━━━━━ WORKING DATA

(* Let $1<a<b$ be coprime integers and $D,E\subseteq G$ subdiagrams. Let $N(D,U_E)=\{(i,j)\in D\times U_E: i\to j\}$, let $N_b(D,U_E)$ be the set of $(i,j)\in N(D,U_E)$ with $j$ strictly north of $i$, and $N_r(D,U_E)=N(D,U_E)\setminus N_b(D,U_E)$ (pairs with $j$ strictly south of $i$ or $j=i$). Then \[ |N_b(D,U_E)|=\#\{c\in D\cap E:\ M_D^E(c)\le a/b\},\qquad |N_r(D,U_E)|=|D\setminus E|+\#\{c\in D\cap E:\ m_E^D(c)\ge a/b\}. \]
   Context: Fix coprime integers $1<a<b$. Work in the grid $\mathbb{Z}^2$ ($+x$ east, $+y$ north). Let $g:\mathbb{Z}^2\to\mathbb{Z}$, $g(x,y)=ab-ax-by$; for a cell $c=(x,y)$ and integer $k$, $c-ka:=(x+k,y)$ and $c-kb:=(x,y+k)$. Let $G=\{(x,y)\in\mathbb{Z}_{\ge1}^2: g(x,y)>0\}$. A subdiagram is a subset $D\subseteq G$ such that whenever $(x,y)\in D$, $(x',y')\in G$, $x'\le x$, $y'\le y$, we have $(x',y')\in D$. For cells $i,j$, write $i\to j$ iff $0\le g(j)-g(i)<a$. For a subdiagram $E$, $U_E=\{(x,y)\in\mathbb{Z}^2: (x,y)\notin E,\ (x,y-1)\in E\cup(\mathbb{Z}_{\ge1}\times\mathbb{Z}_{\le0})\}$. For a subdiagram $D$ and $c\in D$, $\mathrm{arm}_D(c)=\max\{k\ge0: c-ka\in D\}$, $\mathrm{leg}_D(c)=\max\{k\ge0: c-kb\in D\}$. For subdiagrams $D,E$ and $c\in D\cap E$, $m_D^E(c)=\frac{\mathrm{leg}_E(c)}{\mathrm{arm}_D(c)+1}$ and $M_D^E(c)=\frac{\mathrm{leg}_E(c)+1}{\mathrm{arm}_D(c)}$ (with $M_D^E(c)=+\infty$ if $\mathrm{arm}_D(c)=0$). *)

theory Defs
  imports Complex_Main "HOL-Library.Extended_Real"
begin

type_synonym cell = "int \<times> int"

definition gfun :: "int \<Rightarrow> int \<Rightarrow> cell \<Rightarrow> int" where
  "gfun a b c = a * b - a * fst c - b * snd c"

definition Gset :: "int \<Rightarrow> int \<Rightarrow> cell set" where
  "Gset a b = {(x, y). x \<ge> 1 \<and> y \<ge> 1 \<and> gfun a b (x, y) > 0}"

definition subdiagram :: "int \<Rightarrow> int \<Rightarrow> cell set \<Rightarrow> bool" where
  "subdiagram a b D \<longleftrightarrow> D \<subseteq> Gset a b \<and>
     (\<forall>x y x' y'. (x, y) \<in> D \<longrightarrow> (x', y') \<in> Gset a b \<longrightarrow> x' \<le> x \<longrightarrow> y' \<le> y
        \<longrightarrow> (x', y') \<in> D)"

definition arrow :: "int \<Rightarrow> int \<Rightarrow> cell \<Rightarrow> cell \<Rightarrow> bool" where
  "arrow a b i j \<longleftrightarrow> 0 \<le> gfun a b j - gfun a b i \<and> gfun a b j - gfun a b i < a"

definition Uset :: "cell set \<Rightarrow> cell set" where
  "Uset E = {(x, y). (x, y) \<notin> E \<and> y \<ge> 1 \<and>
              ((x, y - 1) \<in> E \<or> (x \<ge> 1 \<and> y - 1 \<le> 0))}"

definition arm :: "cell set \<Rightarrow> cell \<Rightarrow> nat" where
  "arm D c = Max {k. (fst c + int k, snd c) \<in> D}"

definition leg :: "cell set \<Rightarrow> cell \<Rightarrow> nat" where
  "leg D c = Max {k. (fst c, snd c + int k) \<in> D}"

━━━━━━━━━━

WORK TASK:
Wherever a line in the data above contains the word "Uset", copy that line.

FINAL ANSWER:
definition Uset :: "cell set \<Rightarrow> cell set" where
  "Uset E = {(x, y). (x, y) \<notin> E \<and> y \<ge> 1 \<and>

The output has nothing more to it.